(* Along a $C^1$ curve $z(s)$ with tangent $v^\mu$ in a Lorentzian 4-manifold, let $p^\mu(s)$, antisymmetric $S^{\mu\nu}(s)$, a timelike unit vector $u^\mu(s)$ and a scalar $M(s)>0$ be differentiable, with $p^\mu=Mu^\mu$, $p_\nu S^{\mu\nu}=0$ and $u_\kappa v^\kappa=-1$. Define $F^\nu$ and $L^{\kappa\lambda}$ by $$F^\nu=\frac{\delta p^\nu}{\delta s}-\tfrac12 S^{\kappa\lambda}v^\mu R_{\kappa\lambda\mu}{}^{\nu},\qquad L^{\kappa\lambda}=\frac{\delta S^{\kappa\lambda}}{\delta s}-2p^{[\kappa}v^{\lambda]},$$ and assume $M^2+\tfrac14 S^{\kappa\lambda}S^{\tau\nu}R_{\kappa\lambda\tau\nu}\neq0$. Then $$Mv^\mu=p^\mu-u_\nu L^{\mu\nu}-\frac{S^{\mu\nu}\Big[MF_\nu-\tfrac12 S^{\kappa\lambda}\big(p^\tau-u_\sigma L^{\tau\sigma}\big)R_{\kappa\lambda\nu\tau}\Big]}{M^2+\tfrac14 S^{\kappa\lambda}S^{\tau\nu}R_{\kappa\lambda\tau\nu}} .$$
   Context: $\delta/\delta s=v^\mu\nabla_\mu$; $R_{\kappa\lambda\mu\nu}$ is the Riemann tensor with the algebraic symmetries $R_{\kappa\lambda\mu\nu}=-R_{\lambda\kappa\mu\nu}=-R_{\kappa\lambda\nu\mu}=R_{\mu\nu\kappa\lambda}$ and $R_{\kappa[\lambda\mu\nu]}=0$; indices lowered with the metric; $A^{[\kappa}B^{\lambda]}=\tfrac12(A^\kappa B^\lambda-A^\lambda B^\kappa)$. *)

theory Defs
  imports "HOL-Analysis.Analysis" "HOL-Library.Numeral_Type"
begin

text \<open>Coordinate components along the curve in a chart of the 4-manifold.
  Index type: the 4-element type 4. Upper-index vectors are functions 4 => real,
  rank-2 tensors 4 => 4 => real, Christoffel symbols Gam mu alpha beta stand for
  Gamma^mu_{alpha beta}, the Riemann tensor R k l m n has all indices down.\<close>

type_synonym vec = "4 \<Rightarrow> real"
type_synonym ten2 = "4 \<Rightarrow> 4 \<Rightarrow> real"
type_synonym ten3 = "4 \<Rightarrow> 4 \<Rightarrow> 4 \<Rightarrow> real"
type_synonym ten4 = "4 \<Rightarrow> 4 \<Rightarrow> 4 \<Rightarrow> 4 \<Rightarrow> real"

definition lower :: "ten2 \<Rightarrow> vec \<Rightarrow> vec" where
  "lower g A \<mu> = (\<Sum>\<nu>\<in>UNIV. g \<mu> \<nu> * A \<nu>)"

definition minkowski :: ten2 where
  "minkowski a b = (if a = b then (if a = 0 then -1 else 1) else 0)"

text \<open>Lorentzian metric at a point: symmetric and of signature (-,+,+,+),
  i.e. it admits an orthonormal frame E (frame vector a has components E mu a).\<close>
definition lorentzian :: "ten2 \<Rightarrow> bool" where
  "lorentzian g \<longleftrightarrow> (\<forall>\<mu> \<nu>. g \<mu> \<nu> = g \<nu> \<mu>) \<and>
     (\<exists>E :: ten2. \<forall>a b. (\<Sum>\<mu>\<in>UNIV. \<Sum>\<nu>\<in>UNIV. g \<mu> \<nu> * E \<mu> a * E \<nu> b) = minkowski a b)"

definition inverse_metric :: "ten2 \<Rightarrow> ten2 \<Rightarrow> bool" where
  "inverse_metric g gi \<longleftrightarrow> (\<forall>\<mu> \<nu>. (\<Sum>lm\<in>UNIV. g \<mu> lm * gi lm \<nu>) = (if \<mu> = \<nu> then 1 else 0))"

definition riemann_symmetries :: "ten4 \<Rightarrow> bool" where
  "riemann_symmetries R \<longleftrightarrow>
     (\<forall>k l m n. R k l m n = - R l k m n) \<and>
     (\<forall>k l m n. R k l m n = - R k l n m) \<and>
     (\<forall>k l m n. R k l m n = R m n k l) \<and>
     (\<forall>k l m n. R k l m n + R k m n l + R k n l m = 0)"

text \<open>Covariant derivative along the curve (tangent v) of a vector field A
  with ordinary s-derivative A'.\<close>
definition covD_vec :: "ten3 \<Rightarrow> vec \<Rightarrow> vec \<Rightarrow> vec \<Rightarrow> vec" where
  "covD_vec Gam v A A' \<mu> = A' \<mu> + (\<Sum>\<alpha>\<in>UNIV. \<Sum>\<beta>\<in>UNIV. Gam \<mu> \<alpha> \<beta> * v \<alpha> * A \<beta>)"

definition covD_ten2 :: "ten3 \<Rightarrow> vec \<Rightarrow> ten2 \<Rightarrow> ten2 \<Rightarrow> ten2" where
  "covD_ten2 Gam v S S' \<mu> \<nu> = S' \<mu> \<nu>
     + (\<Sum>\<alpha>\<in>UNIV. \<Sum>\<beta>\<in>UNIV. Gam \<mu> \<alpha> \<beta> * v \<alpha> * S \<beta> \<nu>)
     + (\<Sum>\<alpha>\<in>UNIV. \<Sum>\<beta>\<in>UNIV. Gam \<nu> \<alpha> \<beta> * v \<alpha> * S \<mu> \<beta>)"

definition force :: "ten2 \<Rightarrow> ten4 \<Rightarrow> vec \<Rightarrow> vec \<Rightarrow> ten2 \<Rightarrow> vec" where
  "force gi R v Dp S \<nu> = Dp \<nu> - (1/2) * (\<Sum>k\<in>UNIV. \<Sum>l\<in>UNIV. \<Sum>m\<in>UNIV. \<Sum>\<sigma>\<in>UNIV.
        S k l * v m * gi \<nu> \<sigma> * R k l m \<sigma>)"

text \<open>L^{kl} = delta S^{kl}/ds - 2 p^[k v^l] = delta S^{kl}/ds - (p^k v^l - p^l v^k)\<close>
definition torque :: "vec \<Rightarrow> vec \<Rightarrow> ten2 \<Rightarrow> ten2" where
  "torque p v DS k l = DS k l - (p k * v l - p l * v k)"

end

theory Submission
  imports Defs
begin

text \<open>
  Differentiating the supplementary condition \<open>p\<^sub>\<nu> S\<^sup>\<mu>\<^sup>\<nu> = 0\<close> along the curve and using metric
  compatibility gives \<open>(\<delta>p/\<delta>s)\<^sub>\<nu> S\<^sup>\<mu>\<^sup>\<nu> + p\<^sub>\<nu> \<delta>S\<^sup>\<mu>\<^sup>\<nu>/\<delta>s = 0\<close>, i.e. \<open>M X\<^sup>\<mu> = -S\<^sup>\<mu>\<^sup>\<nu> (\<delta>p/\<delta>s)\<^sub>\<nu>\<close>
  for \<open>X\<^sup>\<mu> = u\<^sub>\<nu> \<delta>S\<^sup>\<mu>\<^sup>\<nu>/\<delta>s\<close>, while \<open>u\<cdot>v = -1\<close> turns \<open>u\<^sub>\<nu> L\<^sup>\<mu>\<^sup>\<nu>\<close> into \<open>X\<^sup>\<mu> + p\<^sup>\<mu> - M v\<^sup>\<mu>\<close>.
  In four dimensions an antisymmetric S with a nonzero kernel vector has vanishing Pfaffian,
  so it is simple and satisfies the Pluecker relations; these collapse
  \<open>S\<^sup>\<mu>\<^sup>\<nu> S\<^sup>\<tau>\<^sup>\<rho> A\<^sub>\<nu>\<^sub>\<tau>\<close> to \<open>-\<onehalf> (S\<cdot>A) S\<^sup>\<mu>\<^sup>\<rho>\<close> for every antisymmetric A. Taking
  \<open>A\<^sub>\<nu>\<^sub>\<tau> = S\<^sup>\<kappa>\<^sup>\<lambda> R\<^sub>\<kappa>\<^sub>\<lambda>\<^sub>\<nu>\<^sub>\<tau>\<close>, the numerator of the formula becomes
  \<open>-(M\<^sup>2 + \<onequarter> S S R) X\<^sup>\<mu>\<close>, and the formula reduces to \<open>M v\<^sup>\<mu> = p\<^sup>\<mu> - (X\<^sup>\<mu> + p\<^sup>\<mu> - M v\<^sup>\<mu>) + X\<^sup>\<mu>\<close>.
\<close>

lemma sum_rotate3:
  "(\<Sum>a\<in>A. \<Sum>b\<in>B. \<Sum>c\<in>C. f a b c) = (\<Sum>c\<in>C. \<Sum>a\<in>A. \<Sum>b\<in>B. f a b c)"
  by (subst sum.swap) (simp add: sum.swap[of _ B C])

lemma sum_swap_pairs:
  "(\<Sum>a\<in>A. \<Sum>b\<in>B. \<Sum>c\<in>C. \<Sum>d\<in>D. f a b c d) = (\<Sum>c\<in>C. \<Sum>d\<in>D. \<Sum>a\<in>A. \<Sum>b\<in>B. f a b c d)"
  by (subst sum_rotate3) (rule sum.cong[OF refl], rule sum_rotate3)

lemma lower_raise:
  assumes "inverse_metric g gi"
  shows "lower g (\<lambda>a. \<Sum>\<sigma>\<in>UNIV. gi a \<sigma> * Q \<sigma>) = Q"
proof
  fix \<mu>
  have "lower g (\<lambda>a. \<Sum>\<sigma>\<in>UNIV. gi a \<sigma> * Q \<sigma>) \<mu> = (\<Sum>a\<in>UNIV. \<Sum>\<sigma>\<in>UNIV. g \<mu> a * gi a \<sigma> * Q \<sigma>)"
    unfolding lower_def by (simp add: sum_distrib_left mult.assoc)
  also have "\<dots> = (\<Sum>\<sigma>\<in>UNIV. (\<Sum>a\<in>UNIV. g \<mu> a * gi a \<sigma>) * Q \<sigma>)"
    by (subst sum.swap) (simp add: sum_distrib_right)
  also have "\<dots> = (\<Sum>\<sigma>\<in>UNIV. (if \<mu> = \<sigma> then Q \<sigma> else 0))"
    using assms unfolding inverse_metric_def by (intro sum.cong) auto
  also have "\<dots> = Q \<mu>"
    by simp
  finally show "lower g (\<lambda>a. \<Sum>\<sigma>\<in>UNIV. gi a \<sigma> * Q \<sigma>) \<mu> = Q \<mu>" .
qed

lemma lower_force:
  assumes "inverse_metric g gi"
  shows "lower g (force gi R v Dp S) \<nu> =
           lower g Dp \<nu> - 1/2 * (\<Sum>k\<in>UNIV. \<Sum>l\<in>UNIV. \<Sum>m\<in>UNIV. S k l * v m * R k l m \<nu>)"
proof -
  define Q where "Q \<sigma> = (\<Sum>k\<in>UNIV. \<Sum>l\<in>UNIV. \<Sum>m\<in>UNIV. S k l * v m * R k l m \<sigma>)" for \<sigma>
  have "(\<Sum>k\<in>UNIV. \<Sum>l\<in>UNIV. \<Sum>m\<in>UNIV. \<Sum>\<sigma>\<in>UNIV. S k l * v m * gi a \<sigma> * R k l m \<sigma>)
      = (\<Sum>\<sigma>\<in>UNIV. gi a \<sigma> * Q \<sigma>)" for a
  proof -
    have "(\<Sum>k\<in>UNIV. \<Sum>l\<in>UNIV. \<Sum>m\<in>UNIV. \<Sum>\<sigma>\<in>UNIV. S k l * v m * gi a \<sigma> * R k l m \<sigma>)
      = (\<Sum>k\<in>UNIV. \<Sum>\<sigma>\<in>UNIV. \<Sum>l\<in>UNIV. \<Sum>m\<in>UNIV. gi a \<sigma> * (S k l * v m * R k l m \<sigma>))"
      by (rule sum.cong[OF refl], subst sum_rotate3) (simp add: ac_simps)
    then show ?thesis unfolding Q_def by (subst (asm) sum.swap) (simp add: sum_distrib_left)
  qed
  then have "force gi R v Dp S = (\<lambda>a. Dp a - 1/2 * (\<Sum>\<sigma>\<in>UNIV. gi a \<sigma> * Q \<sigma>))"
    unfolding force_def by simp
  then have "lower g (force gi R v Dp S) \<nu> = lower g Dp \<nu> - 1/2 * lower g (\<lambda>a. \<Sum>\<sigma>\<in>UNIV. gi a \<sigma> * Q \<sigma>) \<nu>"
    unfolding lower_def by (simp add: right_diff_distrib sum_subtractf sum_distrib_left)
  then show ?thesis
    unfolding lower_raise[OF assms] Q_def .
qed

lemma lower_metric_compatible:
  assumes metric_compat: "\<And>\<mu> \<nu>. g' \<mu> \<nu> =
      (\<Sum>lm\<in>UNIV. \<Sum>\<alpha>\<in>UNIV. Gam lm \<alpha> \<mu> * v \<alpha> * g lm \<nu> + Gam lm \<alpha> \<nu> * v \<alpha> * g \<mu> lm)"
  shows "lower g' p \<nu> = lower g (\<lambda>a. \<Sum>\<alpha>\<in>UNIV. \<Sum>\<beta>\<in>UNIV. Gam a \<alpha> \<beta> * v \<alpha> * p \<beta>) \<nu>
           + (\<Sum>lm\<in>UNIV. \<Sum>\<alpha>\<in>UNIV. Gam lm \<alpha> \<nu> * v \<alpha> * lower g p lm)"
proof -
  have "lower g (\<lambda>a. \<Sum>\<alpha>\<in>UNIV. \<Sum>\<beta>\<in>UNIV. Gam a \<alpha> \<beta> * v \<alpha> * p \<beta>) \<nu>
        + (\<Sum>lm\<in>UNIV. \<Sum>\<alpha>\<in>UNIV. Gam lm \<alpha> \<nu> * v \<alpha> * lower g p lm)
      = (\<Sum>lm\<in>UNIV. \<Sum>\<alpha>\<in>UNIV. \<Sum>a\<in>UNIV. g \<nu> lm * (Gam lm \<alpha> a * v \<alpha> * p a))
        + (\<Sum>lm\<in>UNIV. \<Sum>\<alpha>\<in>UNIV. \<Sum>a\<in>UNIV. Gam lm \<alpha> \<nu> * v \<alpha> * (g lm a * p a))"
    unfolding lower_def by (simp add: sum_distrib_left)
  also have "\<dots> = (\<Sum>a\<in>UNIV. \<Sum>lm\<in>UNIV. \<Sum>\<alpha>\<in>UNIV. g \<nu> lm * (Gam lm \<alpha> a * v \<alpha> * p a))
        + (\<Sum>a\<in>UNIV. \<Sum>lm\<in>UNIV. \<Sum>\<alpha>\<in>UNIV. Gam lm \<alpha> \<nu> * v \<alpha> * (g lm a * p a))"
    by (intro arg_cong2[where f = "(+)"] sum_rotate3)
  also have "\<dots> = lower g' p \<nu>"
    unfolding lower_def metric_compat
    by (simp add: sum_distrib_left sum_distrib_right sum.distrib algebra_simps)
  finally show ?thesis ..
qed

● **Directions for this task**:
Set down, word for word, each line from the top of the records above through the line with "Index type: the".

● **Solution**:
(* Along a $C^1$ curve $z(s)$ with tangent $v^\mu$ in a Lorentzian 4-manifold, let $p^\mu(s)$, antisymmetric $S^{\mu\nu}(s)$, a timelike unit vector $u^\mu(s)$ and a scalar $M(s)>0$ be differentiable, with $p^\mu=Mu^\mu$, $p_\nu S^{\mu\nu}=0$ and $u_\kappa v^\kappa=-1$. Define $F^\nu$ and $L^{\kappa\lambda}$ by $$F^\nu=\frac{\delta p^\nu}{\delta s}-\tfrac12 S^{\kappa\lambda}v^\mu R_{\kappa\lambda\mu}{}^{\nu},\qquad L^{\kappa\lambda}=\frac{\delta S^{\kappa\lambda}}{\delta s}-2p^{[\kappa}v^{\lambda]},$$ and assume $M^2+\tfrac14 S^{\kappa\lambda}S^{\tau\nu}R_{\kappa\lambda\tau\nu}\neq0$. Then $$Mv^\mu=p^\mu-u_\nu L^{\mu\nu}-\frac{S^{\mu\nu}\Big[MF_\nu-\tfrac12 S^{\kappa\lambda}\big(p^\tau-u_\sigma L^{\tau\sigma}\big)R_{\kappa\lambda\nu\tau}\Big]}{M^2+\tfrac14 S^{\kappa\lambda}S^{\tau\nu}R_{\kappa\lambda\tau\nu}} .$$
   Context: $\delta/\delta s=v^\mu\nabla_\mu$; $R_{\kappa\lambda\mu\nu}$ is the Riemann tensor with the algebraic symmetries $R_{\kappa\lambda\mu\nu}=-R_{\lambda\kappa\mu\nu}=-R_{\kappa\lambda\nu\mu}=R_{\mu\nu\kappa\lambda}$ and $R_{\kappa[\lambda\mu\nu]}=0$; indices lowered with the metric; $A^{[\kappa}B^{\lambda]}=\tfrac12(A^\kappa B^\lambda-A^\lambda B^\kappa)$. *)

theory Defs
  imports "HOL-Analysis.Analysis" "HOL-Library.Numeral_Type"
begin

text \<open>Coordinate components along the curve in a chart of the 4-manifold.
  Index type: the 4-element type 4. Upper-index vectors are functions 4 => real,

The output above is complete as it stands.